A ‘radical’ ruling lets Texas ban social media moderation

federal appeal A court has reinstated a Texas law that prohibits “censorship” of social media platforms such as Facebook and Twitter, allowing the state to enforce the law while litigation continues.

U.S. District Court Judge Has Granted Preliminary Injunction block the law In December, it was ruled that it violated the social network’s First Amendment right to moderate user submissions.Texas Attorney General Ken Paxton appealed the injunction to the U.S. Court of Appeals for the Fifth Circuit, a three-judge panel issued ruling The preliminary injunction was retained on Wednesday.

The ruling did not explain the judge’s reasoning. “The decision grants appellant’s motion to suspend preliminary injunction pending appeal,” the ruling said. The panel ruled unanimously, but did not say how each judge voted.

The ruling was “very radical”, said Corbin Barthold, internet policy adviser at libertarian think tank TechFreedom, filed a brief in the court case. “Social media companies now face the prospect of liability for making distinctions based on ‘views.’ (For example, treating pro-ISIS content differently than anti-ISIS content.) But there are many other difficulties in applying this law. No one– Neither lawyers, judges, experts in the field, or even sponsors of the law itself — have any idea what compliance with this law is like,” Barthold said.

in a tweetPaxton called the ruling a “major victory for BIG TECH,” adding, “I look forward to continuing to defend HB 20. State law states that “social media platforms shall not censor users based on their “views” and define “censorship” as “blocking, banning, removing, de-platforming, de-monetizing, de-promoting, restricting, denying equal access” or visibility, or otherwise discriminatory expression.” Under the law, the Texas attorney general or users can sue social media platforms that violate the ban and receive injunctive relief and reimbursement of court costs.

Judges ‘Fighting with Fundamental Technological Concepts’

There was an oral debate on Monday this week, and the judges “appeared to be struggling with basic technical concepts”, Protocol reportThe judges were skeptical of arguments put forward by tech industry group NetChoice and the Computer and Communications and Industries Association (CCIA), which sued the state of Texas to block the law. One “judge thinks Twitter isn’t even a website, and another wonders whether phone companies have a First Amendment right to get people to give up their service,” Protocol wrote.

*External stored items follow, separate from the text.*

(* Let $T$ be an equilateral triangle. Then for every positive integer $n$, $$h(n,T)=\left\lfloor \frac{n}{3} \right\rfloor \cdot \left\lfloor \frac{n+1}{3} \right\rfloor \cdot \left\lfloor \frac{n+2}{3} \right\rfloor.$$
   Context: Let $T$ be a triangle with side lengths $a,b,c$, let $\varepsilon>0$ and $\varepsilon'=\varepsilon\cdot\min\{a,b,c\}$. A triangle $A'B'C'$ is $\varepsilon$-congruent to $T$ if there exist points $A,B,C\in\mathbb{R}^2$ such that $ABC$ is congruent to $T$ and $A',B',C'$ lie in the closed disks of radius $\varepsilon'$ around $A,B,C$ respectively. $h(n,T,\varepsilon)$ denotes the maximum, over all point sets $P\subseteq\mathbb{R}^2$ with $|P|=n$, of the number of 3-element subsets of $P$ forming a triangle $\varepsilon$-congruent to $T$, and $h(n,T):=\min_{\varepsilon>0}h(n,T,\varepsilon)$. *)

theory Defs
  imports "HOL-Analysis.Analysis"
begin

(* A triangle T is given by its side lengths (a,b,c): a = |BC|, b = |CA|, c = |AB|. *)
type_synonym tri = "real \<times> real \<times> real"

definition min_side :: "tri \<Rightarrow> real" where
  "min_side T = (case T of (a,b,c) \<Rightarrow> min a (min b c))"

definition congruent_to :: "real^2 \<Rightarrow> real^2 \<Rightarrow> real^2 \<Rightarrow> tri \<Rightarrow> bool" where
  "congruent_to A B C T = (case T of (a,b,c) \<Rightarrow>
      dist B C = a \<and> dist C A = b \<and> dist A B = c)"

definition eps_congruent :: "tri \<Rightarrow> real \<Rightarrow> real^2 \<Rightarrow> real^2 \<Rightarrow> real^2 \<Rightarrow> bool" where
  "eps_congruent T \<epsilon> A' B' C' =
     (\<exists>A B C. congruent_to A B C T \<and>
        dist A' A \<le> \<epsilon> * min_side T \<and> dist B' B \<le> \<epsilon> * min_side T \<and>
        dist C' C \<le> \<epsilon> * min_side T)"

definition num_eps_congruent :: "tri \<Rightarrow> real \<Rightarrow> (real^2) set \<Rightarrow> nat" where
  "num_eps_congruent T \<epsilon> P = card {S. S \<subseteq> P \<and> card S = 3 \<and>
      (\<exists>A' B' C'. S = {A', B', C'} \<and> eps_congruent T \<epsilon> A' B' C')}"

definition h_eps :: "nat \<Rightarrow> tri \<Rightarrow> real \<Rightarrow> nat" where
  "h_eps n T \<epsilon> = Max {num_eps_congruent T \<epsilon> P | P. finite P \<and> card P = n}"

definition h :: "nat \<Rightarrow> tri \<Rightarrow> nat" where
  "h n T = Min {h_eps n T \<epsilon> | \<epsilon>. \<epsilon> > 0}"

end

(* For eps = 1/200, every side of a triangle eps-congruent to the equilateral triangle of side s
   is within s/100 of s.  Four points of the plane cannot be pairwise at such distances: the Gram
   determinant of the three difference vectors from one of them vanishes because the plane is
   two-dimensional, yet it is positive because the Gram matrix is close to s^2 times the matrix
   with 1 on the diagonal and 1/2 elsewhere.  Hence the pairs of points at distance about s form
   a K4-free graph containing every counted triangle, and a K4-free graph on n vertices has at
   most as many triangles as the balanced complete tripartite graph, with parts of sizes
   n div 3, (n + 1) div 3, (n + 2) div 3; this follows by induction, deleting a triangle and
   counting the edges and triangles that meet it.  Conversely, for every eps, three small clusters
   of these sizes around the vertices of the triangle attain the bound. *)

theory Submission
  imports Defs
begin

section \<open>Triangles in K4-free graphs\<close>

definition tripartite_edges :: "nat \<Rightarrow> nat" where
  "tripartite_edges n =
     n div 3 * ((n + 1) div 3) + (n + 1) div 3 * ((n + 2) div 3) + n div 3 * ((n + 2) div 3)"

definition tripartite_triangles :: "nat \<Rightarrow> nat" where
  "tripartite_triangles n = n div 3 * ((n + 1) div 3) * ((n + 2) div 3)"

lemma div3_parts_sum: "(n::nat) div 3 + (n + 1) div 3 + (n + 2) div 3 = n"
  by presburger

lemma div3_shift3:
  "((n::nat) + 3) div 3 = n div 3 + 1" "(n + 3 + 1) div 3 = (n + 1) div 3 + 1"
  "(n + 3 + 2) div 3 = (n + 2) div 3 + 1"
  by presburger+

lemma tripartite_edges_add3: "tripartite_edges (n + 3) = tripartite_edges n + 2 * n + 3"
  using div3_parts_sum[of n]
  unfolding tripartite_edges_def div3_shift3 by (simp add: algebra_simps)

lemma tripartite_edges_add2: "tripartite_edges n + n + 1 \<le> tripartite_edges (n + 2)"
proof -
  have "(n + 2 + 1) div 3 = n div 3 + 1" "(n + 2 + 2) div 3 = (n + 1) div 3 + 1" by presburger+
  then show ?thesis using div3_parts_sum[of n] by (simp add: tripartite_edges_def algebra_simps)
qed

“Your client is an internet provider,” Judge Edith Jones reportedly told NetChoice and CCIA attorneys. “They’re not websites.” The members of both groups are actually almost exclusively websites and online services, not internet service providers – see members of NetChoice here and CCIA’s here. Amazon, eBay, Facebook, Google, Twitter and Yahoo are members of both groups.

At another point in the hearing, “Judge Andrew Oldham suggested that, if the technology platform succeeds, it would allow the phone company to activate subscribers,” Protocol reported. “In your theory, can Verizon decide that they’ll eavesdrop on every call … and when they hear speech they don’t like, they’ll terminate the call?” Oldham asked.

Phone companies are classified as public carriers and regulated by the Federal Communications Commission.Although Supreme Court Justice Clarence Thomas has applied such names to websites debate Digital platforms can be regulated as public vehicles.

CNN technology reporter Brian Fung also detailed the confusion of the 5th Circuit judge. twitter thread. Oldham called Twitter’s First Amendment right to ban certain types of speech “extraordinary,” even though First Amendment free speech guarantees are for Congress, not private companies. According to Fung, the tech group’s attorney, Scott Keller, noted that “when it comes to private entities, the government cannot dictate what they must and cannot broadcast”.